Manual MPNowPlayingInfoCenter writes race the HLS-loopback path on tvOS 26. The combination produces a libdispatch race. Only AVPlayerViewController with its standard transport bar safely surfaces Now Playing. Hosts that need a custom transport should use MPNowPlayingSession against the engine’s currentAVPlayer publisher instead of MPNowPlayingInfoCenter.default().nowPlayingInfo.

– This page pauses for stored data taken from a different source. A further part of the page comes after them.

(* Let $S$ be a list of sequences (indexed from $0$), and let $\rho(S[i],S[j])$ denote the length of the maximal common prefix of the sequences at indices $i$ and $j$. Define the overlap of $S[j]$ with respect to $S$ as $\mathcal{O}_S(j) := \max_{i<j} \rho(S[i],S[j])$ and the overlap of $S$ as $\mathcal{O}(S) := \sum_{j>0} \mathcal{O}_S(j)$. Let $L$ be the lexicographically ordered permutation of $S$. Then \[ \mathcal{O}(S) = \mathcal{O}(L) = \sum_{j>0} \rho(L[j-1],L[j]). \]
   Context: Setting: batch processing of shortest path queries in a road network. For each query, shortcut chains (sequences of vertices in a shortcut graph, oriented from the hub vertex to a query endpoint) are computed and then unpacked into paths; when unpacking a chain, the unpacked common prefix with a previously unpacked chain can be copied instead of recomputed. The overlap $\mathcal{O}(S)$ measures the amount of unpacking work saved for a given processing order of the list of chains $S$. *)

theory Defs
  imports Main "HOL-Library.List_Lexorder"
begin

fun rho :: "'a list \<Rightarrow> 'a list \<Rightarrow> nat" where
  "rho (x # xs) (y # ys) = (if x = y then Suc (rho xs ys) else 0)"
| "rho _ _ = 0"

text \<open>Overlap of S[j] with respect to S: max over i < j of rho (S!i) (S!j)
  (only used for 0 < j < length S, where the index set is nonempty).\<close>
definition overlap_at :: "'a list list \<Rightarrow> nat \<Rightarrow> nat" where
  "overlap_at S j = Max {rho (S ! i) (S ! j) | i. i < j}"

definition overlap :: "'a list list \<Rightarrow> nat" where
  "overlap S = (\<Sum>j\<in>{1..<length S}. overlap_at S j)"

end

theory Submission
  imports Defs "HOL-Library.Multiset"
begin

text \<open>Insert the chains one after another into a trie. The chain \<open>S ! j\<close> shares exactly
  \<open>overlap_at S j\<close> nodes with the trie built from its predecessors, so it adds
  \<open>length (S ! j) - overlap_at S j\<close> new nodes. Hence \<open>overlap S\<close> is the total length of the
  chains minus the number of nodes of the final trie, and both quantities are independent of
  the order of the chains. For the sorted order the maximum in \<open>overlap_at\<close> is attained at
  the immediate predecessor, because \<open>rho a c \<le> rho b c\<close> whenever \<open>a \<le> b \<le> c\<close>
  lexicographically.\<close>

lemma rho_le_length: "rho xs ys \<le> length xs" "rho xs ys \<le> length ys"
  by (induction xs ys rule: rho.induct) auto

lemma take_eq_take_iff_le_rho:
  "k \<le> length xs \<Longrightarrow> k \<le> length ys \<Longrightarrow> take k xs = take k ys \<longleftrightarrow> k \<le> rho xs ys"
proof (induction xs ys arbitrary: k rule: rho.induct)
  case (1 x xs y ys)
  then show ?case by (cases k) auto
qed auto

lemma rho_antimono_lex:
  fixes a b c :: "'a::linorder list"
  assumes "a \<le> b" "b \<le> c"
  shows "rho a c \<le> rho b c"
  using assms
proof (induction c arbitrary: a b)
  case (Cons z c)
  show ?case
  proof (cases a)
    case (Cons x a')
    with Cons.prems obtain y b' where b: "b = y # b'"
      by (cases b) auto
    show ?thesis
    proof (cases "x = z")
      case True
      with Cons.prems \<open>a = x # a'\<close> b have "y = x" "a' \<le> b'" "b' \<le> c"
        by auto
      with Cons.IH[of a' b'] True \<open>a = x # a'\<close> b show ?thesis by simp
    qed (simp add: \<open>a = x # a'\<close>)
  qed simp
qed simp

definition nonempty_prefixes :: "'a list \<Rightarrow> 'a list set" where
  "nonempty_prefixes xs = (\<lambda>k. take k xs) ` {1..length xs}"

text \<open>A trie node is identified with the nonempty prefix it spells; the root is not counted.\<close>
definition trie_nodes :: "'a list list \<Rightarrow> 'a list set" where
  "trie_nodes S = \<Union> (nonempty_prefixes ` set S)"

definition overlap_with :: "'a list list \<Rightarrow> 'a list \<Rightarrow> nat" where
  "overlap_with S x = Max (insert 0 ((\<lambda>y. rho y x) ` set S))"

lemma finite_nonempty_prefixes: "finite (nonempty_prefixes xs)"
  by (simp add: nonempty_prefixes_def)

lemma finite_trie_nodes: "finite (trie_nodes S)"
  by (simp add: trie_nodes_def finite_nonempty_prefixes)

lemma card_take_image:
  assumes "m \<le> length xs"
  shows "card ((\<lambda>k. take k xs) ` {1..m}) = m"
proof -
  have "inj_on (\<lambda>k. take k xs) {1..m}"
  proof (rule inj_onI)
    fix k l assume "k \<in> {1..m}" "l \<in> {1..m}" "take k xs = take l xs"
    then have "length (take k xs) = length (take l xs)" by simp
    with \<open>k \<in> {1..m}\<close> \<open>l \<in> {1..m}\<close> assms show "k = l" by simp
  qed
  then show ?thesis by (simp add: card_image)
qed

lemma card_nonempty_prefixes: "card (nonempty_prefixes xs) = length xs"
  unfolding nonempty_prefixes_def by (rule card_take_image) simp

lemma nonempty_prefixes_Int:
  "nonempty_prefixes x \<inter> nonempty_prefixes y = (\<lambda>k. take k x) ` {1..rho y x}"
proof (intro equalityI subsetI)
  fix p assume "p \<in> nonempty_prefixes x \<inter> nonempty_prefixes y"
  then obtain k m where k: "1 \<le> k" "k \<le> length x" "p = take k x"
    and m: "m \<le> length y" "p = take m y"
    by (auto simp: nonempty_prefixes_def)
  have "m = k"
    using k m by (metis length_take min_absorb2)
  with k m have "k \<le> rho y x"
    using take_eq_take_iff_le_rho[of k y x] by simp
  with k show "p \<in> (\<lambda>k. take k x) ` {1..rho y x}" by auto
next
  fix p assume "p \<in> (\<lambda>k. take k x) ` {1..rho y x}"
  then obtain k where k: "1 \<le> k" "k \<le> rho y x" "p = take k x" by auto
  then have "k \<le> length x" "k \<le> length y"
    using rho_le_length[of y x] by simp_all
  with k have "p = take k y"
    using take_eq_take_iff_le_rho[of k y x] by simp
  with k \<open>k \<le> length x\<close> \<open>k \<le> length y\<close>
  show "p \<in> nonempty_prefixes x \<inter> nonempty_prefixes y"
    unfolding nonempty_prefixes_def by (auto intro: image_eqI[where x = k])
qed

lemma UN_atLeastAtMost_1:
  fixes f :: "'a \<Rightarrow> nat"
  assumes "finite A"
  shows "(\<Union>a\<in>A. {1..f a}) = {1..Max (insert 0 (f ` A))}"
  using assms
  by (auto simp: Max_ge_iff)

lemma nonempty_prefixes_Int_trie_nodes:
  "nonempty_prefixes x \<inter> trie_nodes S = (\<lambda>k. take k x) ` {1..overlap_with S x}"
proof -
  have "nonempty_prefixes x \<inter> trie_nodes S
      = (\<Union>y\<in>set S. nonempty_prefixes x \<inter> nonempty_prefixes y)"
    unfolding trie_nodes_def by (rule Int_UN_distrib)
  also have "\<dots> = (\<lambda>k. take k x) ` (\<Union>y\<in>set S. {1..rho y x})"
    by (simp add: nonempty_prefixes_Int image_UN)
  also have "\<dots> = (\<lambda>k. take k x) ` {1..overlap_with S x}"
    unfolding overlap_with_def by (subst UN_atLeastAtMost_1) simp_all
  finally show ?thesis .
qed

lemma overlap_with_le_length: "overlap_with S x \<le> length x"
  by (simp add: overlap_with_def rho_le_length)

lemma card_nonempty_prefixes_Int_trie_nodes:
  "card (nonempty_prefixes x \<inter> trie_nodes S) = overlap_with S x"
  unfolding nonempty_prefixes_Int_trie_nodes by (rule card_take_image[OF overlap_with_le_length])

lemma overlap_at_eq_overlap_with:
  assumes "0 < j" "j < length S"
  shows "overlap_at S j = overlap_with (take j S) (S ! j)"
proof -
  have "{rho (S ! i) (S ! j) | i. i < j} = (\<lambda>y. rho y (S ! j)) ` set (take j S)"
    using assms by (force simp: set_conv_nth nth_take)
  moreover have "set (take j S) \<noteq> {}"
    using assms by (auto simp: take_eq_Nil)
  ultimately show ?thesis
    by (simp add: overlap_at_def overlap_with_def Max_insert)
qed

lemma overlap_snoc: "overlap (S @ [x]) = overlap S + overlap_with S x"
proof (cases "S = []")
  case True
  then show ?thesis by (simp add: overlap_def overlap_with_def)
next
  case False
  have "overlap_at (S @ [x]) j = overlap_at S j" if "0 < j" "j < length S" for j
    using that by (simp add: overlap_at_eq_overlap_with nth_append)
  then have "(\<Sum>j\<in>{1..<length S}. overlap_at (S @ [x]) j) = overlap S"
    unfolding overlap_def by (intro sum.cong) auto
  moreover have "overlap_at (S @ [x]) (length S) = overlap_with S x"
    using False by (simp add: overlap_at_eq_overlap_with)
  moreover have "{1..<length (S @ [x])} = insert (length S) {1..<length S}"
    using False by (auto simp: Suc_le_eq)
  ultimately show ?thesis
    by (simp add: overlap_def)
qed

lemma overlap_add_card_trie_nodes:
  "overlap S + card (trie_nodes S) = sum_list (map length S)"
proof (induction S rule: rev_induct)
  case Nil
  then show ?case by (simp add: overlap_def trie_nodes_def)
next
  case (snoc x S)
  have "trie_nodes (S @ [x]) = nonempty_prefixes x \<union> trie_nodes S"
    by (auto simp: trie_nodes_def)
  then have "card (trie_nodes (S @ [x])) + overlap_with S x = length x + card (trie_nodes S)"
    using card_Un_Int[OF finite_nonempty_prefixes[of x] finite_trie_nodes[of S]]
    by (simp add: card_nonempty_prefixes card_nonempty_prefixes_Int_trie_nodes)
  with snoc.IH show ?case
    by (simp add: overlap_snoc)
qed

lemma overlap_mset_eq:
  assumes "mset S = mset T"
  shows "overlap S = overlap T"
proof -
  have "trie_nodes S = trie_nodes T"
    using assms by (simp add: trie_nodes_def flip: set_mset_mset)
  moreover have "sum_list (map length S) = sum_list (map length T)"
    using assms by (metis mset_map sum_mset_sum_list)
  ultimately show ?thesis
    using overlap_add_card_trie_nodes[of S] overlap_add_card_trie_nodes[of T] by simp
qed

lemma overlap_at_sorted:
  fixes L :: "'a::linorder list list"
  assumes "sorted L" "0 < j" "j < length L"
  shows "overlap_at L j = rho (L ! (j - 1)) (L ! j)"
  unfolding overlap_at_def
proof (rule Max_eqI)
  show "finite {rho (L ! i) (L ! j) | i. i < j}"
    by (simp add: setcompr_eq_image)
  show "rho (L ! (j - 1)) (L ! j) \<in> {rho (L ! i) (L ! j) | i. i < j}"
    using assms by auto
next
  fix r assume "r \<in> {rho (L ! i) (L ! j) | i. i < j}"
  then obtain i where "i < j" "r = rho (L ! i) (L ! j)" by auto
  moreover have "L ! i \<le> L ! (j - 1)" "L ! (j - 1) \<le> L ! j"
    using assms \<open>i < j\<close> by (auto simp: sorted_iff_nth_mono)
  ultimately show "r \<le> rho (L ! (j - 1)) (L ! j)"
    using rho_antimono_lex by blast
qed

theorem theorem8p1:
  fixes S :: "('a::linorder) list list"
  defines "L \<equiv> sort S"
  shows "overlap S = overlap L \<and>
         overlap L = (\<Sum>j\<in>{1..<length L}. rho (L ! (j - 1)) (L ! j))"
proof
  show "overlap S = overlap L"
    unfolding L_def by (rule overlap_mset_eq) simp
  have "sorted L"
    by (simp add: L_def)
  then show "overlap L = (\<Sum>j\<in>{1..<length L}. rho (L ! (j - 1)) (L ! j))"
    unfolding overlap_def by (intro sum.cong) (auto simp: overlap_at_sorted)
qed

end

Audio session is activated per playback, not at process launch. The engine declares the AVAudioSession category (.playback / .moviePlayback / .longFormAudio) and multichannel support at init, but does NOT activate the session there. Activating once at launch used to pin the route to whatever the HDMI link reported at that instant: with tvOS Continuous Audio Connection off the link idles at stereo, so the launch-time activation negotiated the route to 2 channels and pinned it, downmixing non-Atmos multichannel for the whole session (AetherEngine#24). The native video path now lets the host’s AVPlayerViewController activate the session per playback; the renderer paths (software decode, audio-only) activate it themselves. Hosts that mount the engine’s bare AVPlayerLayer instead of an AVPlayerViewController should ensure the session is active at playback. A genuine sink-side ch=2 (an AVR caching its HDMI EDID incorrectly after standby) can still force a downmix; power-cycling the sink restores it. Atmos passthrough is unaffected either way because EAC3+JOC ships as MAT 2.0 over a 2-channel carrier.
Live MPEG-TS sliding-window eviction and DVR rewind are verified off-device, pending on-device confirmation. The sliding playlist bounds the resident footprint and behindLiveSeconds is stable at real-time pacing, both measured via the aetherctl harness. Confirmation on Apple TV with a real broadcast feed (where the tvOS jetsam budget and real tuner timing apply) is still recommended before relying on it in production.
AV1 on Apple TV is software-decoded. No current Apple TV chip ships HW AV1. The SoftwarePlaybackHost + dav1d path handles it, but CPU use is meaningfully higher than HW HEVC. On iOS 17+ / macOS 14+ AV1 routes through Apple’s HW pipeline transparently. Future Apple TV chips with HW AV1 will be picked up automatically by VTCapabilityProbe.
AV1 Dolby Vision Profile 10.0 has wrong colours when software-decoded. dav1d / libavcodec cannot decode the proprietary DV colour space, so a Profile 10.0 source (DV-only, no fallback base layer) renders with incorrect colours on the SW path. Profiles 10.1 and 10.4 are unaffected because they carry an HDR10 / HLG base layer. Profile 10.0 only renders correctly through the native AVPlayer path on hosts with HW AV1 decode.
Dolby Vision Profile 5 thumbnails (FrameExtractor) have wrong colours. FrameExtractor tone-maps HDR10 / HLG / DV P8.x stills correctly, but DV Profile 5 is IPT-PQ with no HDR10 base layer, so the software decode the extractor uses cannot resolve its colour space (same root cause as the AV1 Profile 10.0 limitation). Full playback of P5 is unaffected: it routes through the native AVPlayer path, which engages the display’s DV pipeline.